[00:38] *** wyatt8740 has quit IRC (Read error: Operation timed out)
[00:39] *** wyatt8740 has joined #archiveteam-bs
[00:48] *** kyan has joined #archiveteam-bs
[00:51] *** godane has quit IRC (Read error: Operation timed out)
[00:53] <JesseW> OK, so now I have two sorted, 3-column tab-separate-value files -- of 15 and 25 gigabytes in size, respectively. I want to know which lines in them have been added, removed or changed. What's a sensible way to do this?
[00:54] <pikhq> comm
[00:56] <JesseW> pikhq: for a 25gigabyte file?
[00:56] <pikhq> comm, unlike diff, works line-by-line and assumes the inputs are sorted.
[00:56] <JesseW> hm, ok, will try it
[01:01] <JesseW> hm -- it does work quickly, and incrementally -- but I'm having some trouble figuring out how best to interpret the results 
[01:02] <pikhq> The -1, -2, and -3 options might help. :)

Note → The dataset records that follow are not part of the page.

lemma seminorm_setdist_add_le:
  assumes q: "seminorm q" and "K \<noteq> {}"
  shows "seminorm_setdist q K (h + w) \<le> q h + seminorm_setdist q K w"
proof -
  have "seminorm_setdist q K (h + w) - q h \<le> seminorm_setdist q K w"
  proof (rule seminorm_setdist_greatest[OF \<open>K \<noteq> {}\<close>])
    fix g assume "g \<in> K"
    have "seminorm_setdist q K (h + w) \<le> q (h + (w - g))"
      using seminorm_setdist_le[OF q \<open>g \<in> K\<close>] by (simp add: algebra_simps)
    also have "\<dots> \<le> q h + q (w - g)" by (rule seminorm_triangle[OF q])
    finally show "seminorm_setdist q K (h + w) - q h \<le> q (w - g)" by simp
  qed
  thus ?thesis by simp
qed

lemma convex_on_seminorm_setdist:
  assumes q: "seminorm q" and K: "convex K" "K \<noteq> {}"
  shows "convex_on UNIV (seminorm_setdist q K)"
proof (rule convex_onI)
  let ?D = "seminorm_setdist q K"
  have approx: "\<exists>g\<in>K. q (h - g) < ?D h + \<epsilon>" if "\<epsilon> > 0" for h \<epsilon>
    using cInf_lessD[of "(\<lambda>g. q (h - g)) ` K" "?D h + \<epsilon>"] K(2) that
    by (auto simp: seminorm_setdist_def)
  fix t :: real and x y assume t: "0 < t" "t < 1"
  show "?D ((1 - t) *\<^sub>R x + t *\<^sub>R y) \<le> (1 - t) * ?D x + t * ?D y"
  proof (rule field_le_epsilon)
    fix \<epsilon> :: real assume "\<epsilon> > 0"
    obtain g1 g2 where g: "g1 \<in> K" "g2 \<in> K"
      and g1: "q (x - g1) < ?D x + \<epsilon>" and g2: "q (y - g2) < ?D y + \<epsilon>"
      using approx[OF \<open>\<epsilon> > 0\<close>] by meson
    have "(1 - t) *\<^sub>R g1 + t *\<^sub>R g2 \<in> K"
      using K(1) g t by (intro convexD) auto
    hence "?D ((1 - t) *\<^sub>R x + t *\<^sub>R y) \<le> q (((1 - t) *\<^sub>R x + t *\<^sub>R y) - ((1 - t) *\<^sub>R g1 + t *\<^sub>R g2))"
      by (rule seminorm_setdist_le[OF q])
    also have "\<dots> = q ((1 - t) *\<^sub>R (x - g1) + t *\<^sub>R (y - g2))"
      by (simp add: algebra_simps)
    also have "\<dots> \<le> (1 - t) * q (x - g1) + t * q (y - g2)"
      using seminorm_triangle[OF q] seminorm_scaleR[OF q] t by (smt (verit))
    also have "\<dots> \<le> (1 - t) * (?D x + \<epsilon>) + t * (?D y + \<epsilon>)"
      using g1 g2 t by (intro add_mono mult_left_mono) auto
    finally show "?D ((1 - t) *\<^sub>R x + t *\<^sub>R y) \<le> (1 - t) * ?D x + t * ?D y + \<epsilon>"
      by (simp add: algebra_simps)
  qed
qed simp

text \<open>Hahn-Banach applied to the convex majorant h \<mapsto> d(h + w, K) - e, where d is the
  q-distance to K.\<close>
lemma seminorm_separation:
  assumes q: "seminorm q" and K: "convex K" "K \<noteq> {}"
    and far: "\<And>g. g \<in> K \<Longrightarrow> e \<le> q (w - g)"
  shows "\<exists>f. linear f \<and> (\<forall>x. f x \<le> q x) \<and> (\<forall>g\<in>K. f g + e \<le> f w)"
proof -
  define D where "D = seminorm_setdist q K"
  have D: "convex_on UNIV D"
    unfolding D_def using q K by (rule convex_on_seminorm_setdist)
  define p where "p h = D (h + w) - e" for h
  have "convex_on UNIV p"
  proof (rule convex_onI)
    fix t :: real and x y assume "0 < t" "t < 1"
    have "(1 - t) *\<^sub>R x + t *\<^sub>R y + w = (1 - t) *\<^sub>R (x + w) + t *\<^sub>R (y + w)"
      by (simp add: algebra_simps)
    thus "p ((1 - t) *\<^sub>R x + t *\<^sub>R y) \<le> (1 - t) * p x + t * p y"
      using convex_onD[OF D, of t "x + w" "y + w"] \<open>0 < t\<close> \<open>t < 1\<close>
      by (simp add: p_def algebra_simps)
  qed simp
  moreover have "e \<le> D w"
    unfolding D_def using K(2) far by (rule seminorm_setdist_greatest)
  hence "0 \<le> p 0" by (simp add: p_def)
  ultimately obtain f where f: "linear f" and f_le: "\<And>x. f x \<le> p x"
    using hahn_banach_convex_majorant by blast
  have "f h \<le> q h + (D w - e)" for h
    using f_le[of h] seminorm_setdist_add_le[OF q K(2), of h w] by (simp add: p_def D_def)
  hence "\<forall>x. f x \<le> q x" using linear_le_seminorm_if_le_plus_const[OF q f] by blast
  moreover have "f g + e \<le> f w" if "g \<in> K" for g
  proof -
    have "f (g - w) \<le> D g - e" using f_le[of "g - w"] by (simp add: p_def)
    moreover have "D g \<le> 0"
      using seminorm_setdist_le[OF q that, of g] seminorm_scaleR[OF q, of 0 0] by (simp add: D_def)
    ultimately show ?thesis using linear_diff[OF f] by simp
  qed
  ultimately show ?thesis using f by blast
qed

lemma linear_combination_if_kernels_subset:
  fixes \<phi> :: "'i \<Rightarrow> 'v::real_vector \<Rightarrow> real"
  assumes "finite F" and \<phi>: "\<And>i. i \<in> F \<Longrightarrow> linear (\<phi> i)" and "linear L"
    and ker: "\<And>v. (\<forall>i\<in>F. \<phi> i v = 0) \<Longrightarrow> L v = 0"
  shows "\<exists>a. \<forall>v. L v = (\<Sum>i\<in>F. a i * \<phi> i v)"
  using assms
proof (induction F arbitrary: L rule: finite_induct)
  case empty
  thus ?case by simp
next
  case (insert j F)
  have \<phi>F: "\<And>i. i \<in> F \<Longrightarrow> linear (\<phi> i)" and \<phi>j: "linear (\<phi> j)"
    using insert.prems(1) by auto
  obtain c where c: "\<And>v. \<forall>i\<in>F. \<phi> i v = 0 \<Longrightarrow> L v - c * \<phi> j v = 0"
  proof (cases "\<exists>v. (\<forall>i\<in>F. \<phi> i v = 0) \<and> \<phi> j v \<noteq> 0")
    case True
    then obtain v0 where v0: "\<forall>i\<in>F. \<phi> i v0 = 0" "\<phi> j v0 \<noteq> 0" by blast
    define v1 where "v1 = (1 / \<phi> j v0) *\<^sub>R v0"
    have v1: "\<forall>i\<in>F. \<phi> i v1 = 0" "\<phi> j v1 = 1"
      using v0 \<phi>F \<phi>j by (auto simp: v1_def linear_scale)
    have "L v - L v1 * \<phi> j v = 0" if "\<forall>i\<in>F. \<phi> i v = 0" for v
    proof -
      have "\<forall>i\<in>insert j F. \<phi> i (v - \<phi> j v *\<^sub>R v1) = 0"
        using that v1 \<phi>F \<phi>j by (simp add: linear_diff linear_scale)
      hence "L (v - \<phi> j v *\<^sub>R v1) = 0" by (rule insert.prems(3))
      thus ?thesis using insert.prems(2) by (simp add: linear_diff linear_scale mult.commute)
    qed
    thus ?thesis by (rule that)
  next
    case False
    thus ?thesis using insert.prems(3) by (intro that[of 0]) auto
  qed
  have "linear (\<lambda>v. L v - c * \<phi> j v)"
    using insert.prems(2) \<phi>j by (intro linearI) (simp_all add: linear_add linear_scale algebra_simps)
  then obtain a where a: "\<forall>v. L v - c * \<phi> j v = (\<Sum>i\<in>F. a i * \<phi> i v)"
    using insert.IH[OF \<phi>F] c by blast
  have "(\<Sum>i\<in>F. (a(j := c)) i * \<phi> i v) = (\<Sum>i\<in>F. a i * \<phi> i v)" for v
    using insert.hyps(2) by (intro sum.cong) auto
  hence "L v = (\<Sum>i\<in>insert j F. (a(j := c)) i * \<phi> i v)" for v
    using insert.hyps a[rule_format, of v] by simp
  thus ?case by blast
qed

lemma separation_from_closure:
  fixes K :: "'a::real_normed_vector set"
  assumes "convex K" and w: "w \<notin> closure K"
  shows "\<exists>f :: 'a \<Rightarrow>\<^sub>L real. \<forall>g\<in>closure K. f g < f w"
proof (cases "K = {}")
  case False
  obtain e where e: "e > 0" and "\<forall>g\<in>K. \<not> dist g w < e"
    using w unfolding closure_approachable by blast
  hence far: "\<And>g. g \<in> K \<Longrightarrow> e \<le> norm (w - g)"
    by (simp add: dist_norm norm_minus_commute not_less)
  obtain L where L: "linear L" and L_le: "\<forall>x. L x \<le> norm x" and sep: "\<forall>g\<in>K. L g + e \<le> L w"
    using seminorm_separation[OF seminorm_norm \<open>convex K\<close> False far] by blast
  have "bounded_linear L"
  proof (rule bounded_linear_intro[where K = 1])
    show "L (x + y) = L x + L y" "L (r *\<^sub>R x) = r *\<^sub>R L x" for x y r
      using L by (simp_all add: linear_add linear_scale)
    show "norm (L x) \<le> norm x * 1" for x
      using L_le[rule_format, of x] L_le[rule_format, of "-x"] linear_neg[OF L, of x] by simp
  qed
  hence f: "blinfun_apply (Blinfun L) = L" by (rule bounded_linear_Blinfun_apply)
  have "L g < L w" if g: "g \<in> closure K" for g
  proof -
    obtain k where "k \<in> K" "dist k g < e" using g e unfolding closure_approachable by blast
    hence "L (g - k) < e" using L_le[rule_format, of "g - k"] by (simp add: dist_norm norm_minus_commute)
    moreover have "L k + e \<le> L w" using sep \<open>k \<in> K\<close> by blast
    ultimately show ?thesis using linear_diff[OF L, of g k] by linarith
  qed
  thus ?thesis using f by metis
qed simp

[01:02] <JesseW> I've done comm -3 to remove the matching lines
[01:02] <pikhq> Mmkay.
[01:02] <JesseW> but it's still tricky to go from something like:
[01:03] <JesseW>         0000000000002   0000000000002_archive.torrent   2f0355c11a6bc8dceffecbf7d46e5dce
[01:03] <JesseW> 0000000000002   0000000000002_archive.torrent   e929a012ec62c2ee021dfc5a71e749c2
[01:03] <JesseW> 0000000000002   0000000000002_meta.xml  2c1c2c37230e5390b26651ebdf2b84c6
[01:03] <JesseW>         0000000000002   0000000000002_meta.xml  cbfcd60fecf27a9c71ab794fa8ebff74
[01:03] <JesseW> to noticing that the torrent and meta files have changed hashes
[01:04] <JesseW> I'd like to hack up a display of the above that made that more explicit...
[01:04] <pikhq> Hmm.
[01:29] *** wp494 has quit IRC (LOUD UNNECESSARY QUIT MESSAGES)

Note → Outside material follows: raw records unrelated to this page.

lemma alg2_stage_ab:
  assumes i: "2 \<le> i" "i \<le> n" and b: "1 \<le> b" and I: "alg2_inv n b i (snd st)"
    and seq: "rot_seq (2 * n)
      ([(n + 1, n + i, i)] @ map (\<lambda>j. (n + j, n + i, j)) [i + 1..<Suc (min n (b + i - 1))]) st st'"
  shows "alg2_inv_ab n b i (snd st')"
proof -
  obtain s1 where s1: "rot_step (2 * n) (n + 1, n + i, i) st s1"
    and s2: "rot_seq (2 * n) (map (\<lambda>j. (n + j, n + i, j)) [i + 1..<Suc (min n (b + i - 1))]) s1 st'"
    using rot_seq_appendD[OF seq] rot_seq_singleD by blast
  have "alg2_inv_b n b i (Suc (min n (b + i - 1))) (snd st')"
    by (rule rot_seq_map_induct[where I = "\<lambda>j s. alg2_inv_b n b i j (snd s)", OF _ s2
          alg2_stage_a[OF s1 I i b]])
      (use b i in \<open>auto intro!: alg2_stage_b_step\<close>)
  then show ?thesis by (rule alg2_inv_b_done)
qed

lemma alg2_stage_c:
  assumes st: "rot_step (2 * n) (i, n + 1, i) st st'" and I: "alg2_inv_ab n b i (snd st)"
    and i: "1 \<le> i" "i \<le> n"
  shows "alg2_inv_d n b i (i + 1) (snd st')"
proof -
  have R: "snd st \<in> carrier_mat (2 * n) n" using I unfolding alg2_inv_ab_def by auto
  have p: "1 \<le> i" "i \<le> 2 * n" and q: "1 \<le> n + 1" "n + 1 \<le> 2 * n" using i by auto
  note rows = rot_step_R[OF st R p q]
  have zi: "row_zero_outside n (snd st) i i (i + b)"
    using I i unfolding alg2_inv_ab_def top_banded_def by (auto elim!: allE[of _ i])
  have z1: "row_zero_outside n (snd st) (n + 1) i (i + b)"
    by (rule row_zero_outside_mono[of _ _ _ i "i + b - 1"]) (use I in \<open>auto simp: alg2_inv_ab_def\<close>)
  have keep: "row_zero_outside n (snd st') r lo hi"
    if "1 \<le> r" "r \<le> 2 * n" "r \<noteq> i" "r \<noteq> n + 1" "row_zero_outside n (snd st) r lo hi" for r lo hi
    using rows(1) that by auto
  show ?thesis
    unfolding alg2_inv_d_def
  proof (intro conjI allI impI)
    show "snd st' \<in> carrier_mat (2 * n) n" by (rule rot_step_R_carrier[OF st R])
    show "bottom_reduced n b i (snd st')"
      unfolding bottom_reduced_def
    proof (intro conjI allI impI)
      show "row_zero_outside n (snd st') (n + 1) (i + 1) (i + b)" using rows(3)[OF zi z1 refl] by simp
      show "row_zero_outside n (snd st') (n + j) (n + 1) 0" if "2 \<le> j" "j \<le> i" for j
        by (rule keep) (use I i that in \<open>auto simp: alg2_inv_ab_def\<close>)
      show "row_zero_outside n (snd st') (n + j) j (max j (i + b - 1))" if "i < j" "j \<le> n" for j
        by (rule keep) (use I i that in \<open>auto simp: alg2_inv_ab_def\<close>)
    qed
    show "row_zero_outside n (snd st') i i (i + 1 - 1 + b)" using rows(2)[OF zi z1] by simp
    show "row_zero_outside n (snd st') r (i + 1) (r + b)" if "i < r" "r < i + 1" "r \<le> n" for r
      using that by simp
    show "row_zero_outside n (snd st') r (max i (r - b)) (r + b)" if "i + 1 \<le> r" "r \<le> n" for r
      by (rule keep) (use I i that in \<open>auto simp: alg2_inv_ab_def top_banded_def\<close>)
  qed
qed

lemma alg2_stage_d_step:
  assumes st: "rot_step (2 * n) (i, j, i) st st'" and I: "alg2_inv_d n b i j (snd st)"
    and ij: "1 \<le> i" "i < j" "j \<le> n"
  shows "alg2_inv_d n b i (Suc j) (snd st')"
proof -
  have R: "snd st \<in> carrier_mat (2 * n) n" using I unfolding alg2_inv_d_def by auto
  have p: "1 \<le> i" "i \<le> 2 * n" and q: "1 \<le> j" "j \<le> 2 * n" using ij by auto
  note rows = rot_step_R[OF st R p q]
  have zi: "row_zero_outside n (snd st) i i (j + b)"
    by (rule row_zero_outside_mono[of _ _ _ i "j - 1 + b"]) (use I in \<open>auto simp: alg2_inv_d_def\<close>)
  have zj: "row_zero_outside n (snd st) j i (j + b)"
    by (rule row_zero_outside_mono[of _ _ _ "max i (j - b)" "j + b"])
      (use I ij in \<open>auto simp: alg2_inv_d_def\<close>)
  show ?thesis
    unfolding alg2_inv_d_def
  proof (intro conjI allI impI)
    show "snd st' \<in> carrier_mat (2 * n) n" by (rule rot_step_R_carrier[OF st R])
    show "bottom_reduced n b i (snd st')"
      by (rule bottom_reduced_keep[OF st R]) (use ij I in \<open>auto simp: alg2_inv_d_def\<close>)
    show "row_zero_outside n (snd st') i i (Suc j - 1 + b)" using rows(2)[OF zi zj] by simp
    show "row_zero_outside n (snd st') r (i + 1) (r + b)" if "i < r" "r < Suc j" "r \<le> n" for r
    proof (cases "r = j")
      case True
      then show ?thesis using rows(3)[OF zi zj refl] by simp
    next
      case False
      then have "row_zero_outside n (snd st) r (i + 1) (r + b)"
        using I that unfolding alg2_inv_d_def by auto
      then show ?thesis using rows(1) that False ij by auto
    qed
    show "row_zero_outside n (snd st') r (max i (r - b)) (r + b)" if "Suc j \<le> r" "r \<le> n" for r
    proof -
      have "row_zero_outside n (snd st) r (max i (r - b)) (r + b)"
        using I that unfolding alg2_inv_d_def by auto
      then show ?thesis using rows(1) that ij by auto
    qed
  qed
qed

lemma alg2_inv_d_done:
  assumes I: "alg2_inv_d n b i (Suc (min n (b + i))) R"
  shows "alg2_inv n b (i + 1) R"
  unfolding alg2_inv_def
proof (intro conjI)
  show "R \<in> carrier_mat (2 * n) n" "bottom_reduced n b (i + 1 - 1) R"
    using I unfolding alg2_inv_d_def by auto
  show "top_banded n b (i + 1) R"
    unfolding top_banded_def
  proof (intro allI impI)
    fix r assume r: "i + 1 \<le> r" "r \<le> n"
    show "row_zero_outside n R r (max (i + 1) (r - b)) (r + b)"
    proof (cases "r < Suc (min n (b + i))")
      case True
      then have "row_zero_outside n R r (i + 1) (r + b)" using I r unfolding alg2_inv_d_def by auto
      then show ?thesis by (rule row_zero_outside_mono) (use True r in auto)
    next
      case False
      then have "row_zero_outside n R r (max i (r - b)) (r + b)"
        using I r unfolding alg2_inv_d_def by auto
      moreover have "i + b < r" using False r by auto
      then have "max i (r - b) = max (i + 1) (r - b)" by auto
      ultimately show ?thesis by simp
    qed
  qed
qed

lemma alg2_stage_cd:
  assumes i: "1 \<le> i" "i \<le> n" and I: "alg2_inv_ab n b i (snd st)"
    and seq: "rot_seq (2 * n) ([(i, n + 1, i)]
      @ (if i < n then map (\<lambda>j. (i, j, i)) [i + 1..<Suc (min n (b + i))] else [])) st st'"
  shows "alg2_inv n b (i + 1) (snd st')"
proof -
  obtain s1 where s1: "rot_step (2 * n) (i, n + 1, i) st s1"
    and s2: "rot_seq (2 * n) (if i < n then map (\<lambda>j. (i, j, i)) [i + 1..<Suc (min n (b + i))] else [])
      s1 st'"
    using rot_seq_appendD[OF seq] rot_seq_singleD by blast
  note I1 = alg2_stage_c[OF s1 I i]
  show ?thesis
  proof (cases "i < n")
    case True
    then have s2': "rot_seq (2 * n) (map (\<lambda>j. (i, j, i)) [i + 1..<Suc (min n (b + i))]) s1 st'"
      using s2 by simp
    have "alg2_inv_d n b i (Suc (min n (b + i))) (snd st')"
      by (rule rot_seq_map_induct[where I = "\<lambda>j s. alg2_inv_d n b i j (snd s)", OF _ s2' I1])
        (use i True in \<open>auto intro!: alg2_stage_d_step\<close>)
    then show ?thesis by (rule alg2_inv_d_done)
  next
    case False
    then have "st' = s1" and "Suc (min n (b + i)) = i + 1" using s2 i by (auto elim: rot_seq.cases)
    then show ?thesis using alg2_inv_d_done[of n b i] I1 by simp
  qed
qed

lemma alg2_init_inv_ab:
  assumes A: "A \<in> carrier_mat n n" and band: "bandwidth_le A b" and b: "1 \<le> b"
  shows "alg2_inv_ab n b 1 (snd (alg2_init n A))"
  unfolding alg2_inv_ab_def
proof (intro conjI allI impI)
  let ?R = "snd (alg2_init n A)"
  show "?R \<in> carrier_mat (2 * n) n" by (simp add: alg2_init_def)
  show "top_banded n b 1 ?R"
    unfolding top_banded_def row_zero_outside_def
  proof (intro allI impI)
    fix r C assume r: "1 \<le> r" "r \<le> n" and C: "1 \<le> C" "C \<le> n" "C < max 1 (r - b) \<or> r + b < C"
    have "A $$ (r - 1, C - 1) = 0" by (rule bandwidth_le_zero[OF band]) (use r C A in auto)
    then show "?R $$ (r - 1, C - 1) = 0" using r C by (simp add: alg2_init_def)
  qed
  show "row_zero_outside n ?R (n + 1) 1 (1 + b - 1)"
    unfolding row_zero_outside_def using b by (auto simp: alg2_init_def)
  show "row_zero_outside n ?R (n + j) (n + 1) 0" if "2 \<le> j" "j \<le> 1" for j
    using that by simp
  show "row_zero_outside n ?R (n + j) j (max j (1 + b - 1))" if "1 < j" "j \<le> n" for j
    unfolding row_zero_outside_def using that by (auto simp: alg2_init_def)
qed

lemma alg2_ops_in_range:
  "1 < n \<Longrightarrow> \<forall>(p, q, j) \<in> set (alg2_ops n b). 1 \<le> p \<and> p \<le> 2 * n \<and> 1 \<le> q \<and> q \<le> 2 * n"
  unfolding alg2_ops_def by (auto split: if_splits)

lemma alg2_final_inv:
  assumes A: "A \<in> carrier_mat n n" and band: "bandwidth_le A b" and b: "1 < b" "b < n"
    and seq: "rot_seq (2 * n) (alg2_ops n b) (alg2_init n A) st"
  shows "alg2_inv n b (Suc n) (snd st)"
proof -
  define ab where "ab i = [(n + 1, n + i, i)] @ map (\<lambda>j. (n + j, n + i, j)) [i + 1..<Suc (min n (b + i - 1))]"
    for i
  define cd where "cd i = [(i, n + 1, i)]
    @ (if i < n then map (\<lambda>j. (i, j, i)) [i + 1..<Suc (min n (b + i))] else [])" for i
  have ops: "alg2_ops n b = cd 1 @ concat (map (\<lambda>i. ab i @ cd i) [2..<Suc n])"
    using b unfolding alg2_ops_def ab_def cd_def by (simp add: numeral_2_eq_2)
  obtain s1 where s1: "rot_seq (2 * n) (cd 1) (alg2_init n A) s1"
    and s2: "rot_seq (2 * n) (concat (map (\<lambda>i. ab i @ cd i) [2..<Suc n])) s1 st"
    using rot_seq_appendD[OF seq[unfolded ops]] by blast
  have "alg2_inv n b (1 + 1) (snd s1)"
    by (rule alg2_stage_cd[OF _ _ alg2_init_inv_ab[OF A band] s1[unfolded cd_def]]) (use b in auto)
  then have init: "alg2_inv n b 2 (snd s1)" by (simp add: numeral_2_eq_2)
  show ?thesis
  proof (rule rot_seq_concat_induct[where I = "\<lambda>i s. alg2_inv n b i (snd s)", OF _ s2])
    fix i s s'
    assume i: "2 \<le> i" "i < Suc n" and I: "alg2_inv n b i (snd s)"
      and "rot_seq (2 * n) (ab i @ cd i) s s'"
    then obtain s3 where ab: "rot_seq (2 * n) (ab i) s s3" and cd: "rot_seq (2 * n) (cd i) s3 s'"
      using rot_seq_appendD by blast
    have inv_ab: "alg2_inv_ab n b i (snd s3)"
      by (rule alg2_stage_ab[OF _ _ _ I ab[unfolded ab_def]]) (use i b in auto)
    have "alg2_inv n b (i + 1) (snd s')"
      by (rule alg2_stage_cd[OF _ _ inv_ab cd[unfolded cd_def]]) (use i in auto)
    then show "alg2_inv n b (Suc i) (snd s')" by simp
  qed (use init b in auto)
qed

[01:37] *** acridAxid has joined #archiveteam-bs
[01:39] <JesseW> I think what I want for output is something like:
[01:39] <JesseW> 0000000000002   0000000000002_meta.xml  CHANGED
[01:39] <JesseW> 0000000000002   thing.txt ADDED
[01:39] <JesseW> maybe I can do that with sed...

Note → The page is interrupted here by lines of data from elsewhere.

lemma shelling_order_cones_append_deletion_facets:
  assumes link: "set Llink = facets link_S" "shelling_order k Llink"
    and del: "set Ldel = facets del_S" "shelling_order k Ldel"
  shows "shelling_order k (map ((\<union>) S) Llink @ filter (\<lambda>G. G \<inter> NS \<noteq> {}) Ldel)"
proof (rule shelling_order_append)
  have "\<forall>F\<in>set Llink. finite F \<and> S \<inter> F = {}"
  proof
    fix F assume "F \<in> set Llink"
    then have "F \<subseteq> V - NS" using link(1) by (simp add: facet_iff)
    then show "finite F \<and> S \<inter> F = {}"
      using finite_V S_subset_NS
      by (meson Diff_subset finite_subset subset_trans disjoint_iff subsetD DiffD2)
  qed
  then show "shelling_order k (map ((\<union>) S) Llink)"
    using link(2) finite_V S_subset by (intro shelling_order_cone) (auto intro: finite_subset)
next
  fix ys F zs assume "filter (\<lambda>G. G \<inter> NS \<noteq> {}) Ldel = ys @ F # zs"
  then obtain us vs where split: "Ldel = us @ F # vs" "filter (\<lambda>G. G \<inter> NS \<noteq> {}) us = ys"
    using filter_eq_append_ConsD by metis
  have "F \<in> set (filter (\<lambda>G. G \<inter> NS \<noteq> {}) Ldel)" using \<open>filter _ Ldel = ys @ F # zs\<close> by simp
  then have "F \<inter> NS \<noteq> {}" by simp
  with del split(1) have "shelling_step k F ((\<union>) S ` facets link_S \<union> {G \<in> set us. G \<inter> NS \<noteq> {}})"
    by (rule shelling_step_deletion_facet)
  then show "shelling_step k F (set (map ((\<union>) S) Llink) \<union> set ys)"
    unfolding split(2)[symmetric] using link(1) by simp
qed

theorem k_shellable_indep_complex:
  assumes "k_shellable k del_S" "k_shellable k link_S"
  shows "k_shellable k (indep_complex V E)"
proof -
  have finite_faces: "\<forall>F\<in>indep_complex W E. finite F" if "W \<subseteq> V" for W
    using finite_indep_complex_face finite_subset[OF that finite_V] by blast
  obtain Ldel where del: "distinct Ldel" "set Ldel = facets del_S" "shelling_order k Ldel" and "1 \<le> k"
    using assms(1) k_shellable_iff_shelling_order[OF finite_faces[OF Diff_subset]] by blast
  obtain Llink where link: "distinct Llink" "set Llink = facets link_S" "shelling_order k Llink"
    using assms(2) k_shellable_iff_shelling_order[OF finite_faces[OF Diff_subset]] by blast
  define Fs where "Fs = map ((\<union>) S) Llink @ filter (\<lambda>G. G \<inter> NS \<noteq> {}) Ldel"
  have "set Fs = facets (indep_complex V E)"
    unfolding Fs_def facets_indep_complex_eq using link(2) del(2) by auto
  moreover have "distinct Fs"
  proof -
    have "inj_on ((\<union>) S) (set Llink)"
      using link(2) S_subset_NS by (intro inj_onI) (auto simp: facet_iff)
    moreover have "S \<subseteq> F" if "F \<in> set (map ((\<union>) S) Llink)" for F using that by auto
    moreover have "S \<inter> F = {}" if "F \<in> set Ldel" for F using that del(2) by (auto simp: facet_iff)
    ultimately show ?thesis
      using link(1) del(1) S_nonempty by (auto simp: Fs_def distinct_map)
  qed
  moreover have "shelling_order k Fs"
    unfolding Fs_def using link(2,3) del(2,3) by (rule shelling_order_cones_append_deletion_facets)
  moreover have "S \<in> indep_complex V E" using S_subset S_indep by (simp add: indep_complex_def)
  moreover have "k \<le> card S" using card_S by simp
  ultimately show ?thesis
    unfolding k_shellable_iff_shelling_order[OF finite_faces[OF order_refl]] using \<open>1 \<le> k\<close>
    by (intro conjI bexI[of _ S] exI[of _ Fs])
qed

end

theorem theorem4p6:
  fixes V :: "'a set" and E :: "'a \<Rightarrow> 'a \<Rightarrow> bool" and S :: "'a set" and k :: nat
  assumes "simple_graph V E"
    and "k_simplicial k V E S"
    and "k_shellable_graph k (V - S) E"
    and "k_shellable_graph k (V - closed_nbhd_set V E S) E"
  shows "k_shellable_graph k V E"
proof (cases "S = {}")
  case True
  then show ?thesis using assms(3) by simp
next
  case False
  from assms(2) have S: "S \<subseteq> V" "\<forall>x\<in>S. \<forall>y\<in>S. \<not> E x y"
    unfolding k_simplicial_def by simp_all
  from assms(2) obtain P where P: "\<Union>P = closed_nbhd_set V E S"
      "\<forall>A\<in>P. \<forall>B\<in>P. A \<noteq> B \<longrightarrow> A \<inter> B = {}" "\<forall>A\<in>P. card A = k"
      "\<forall>A\<in>P. \<forall>B\<in>P. \<forall>x\<in>A. \<forall>y\<in>B. E x y \<longleftrightarrow> A \<noteq> B"
      "\<forall>A\<in>P. \<forall>x\<in>A. \<forall>y\<in>A. nbhd V E x = nbhd V E y"
    unfolding k_simplicial_def by (elim conjE exE) blast
  have "k_simplicial_partition V E S k P"
    using assms(1) S False P by unfold_locales
  then show ?thesis
    using assms(3,4) unfolding k_shellable_graph_def
    by (rule k_simplicial_partition.k_shellable_indep_complex)
qed

end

[01:49] *** toad1 has joined #archiveteam-bs
[01:50] *** toad2 has quit IRC (Read error: Operation timed out)
[01:57] *** VADemon has quit IRC (Quit: left4dead)
[02:15] <dashcloud> JesseW: you're documenting this process (if only for yourself when you try to do it again) I hope?
[02:15] *** acridAxid has quit IRC (Read error: Operation timed out)
[02:19] *** username1 has joined #archiveteam-bs
[02:22] *** schbirid2 has quit IRC (Read error: Operation timed out)
[02:29] <JesseW> dashcloud: more or less, yeah
[02:31] *** brayden has joined #archiveteam-bs
[02:42] *** acridAxid has joined #archiveteam-bs
[03:42] <JesseW> Yay, I've hacked up a sed script that gives the nicer display I wanted!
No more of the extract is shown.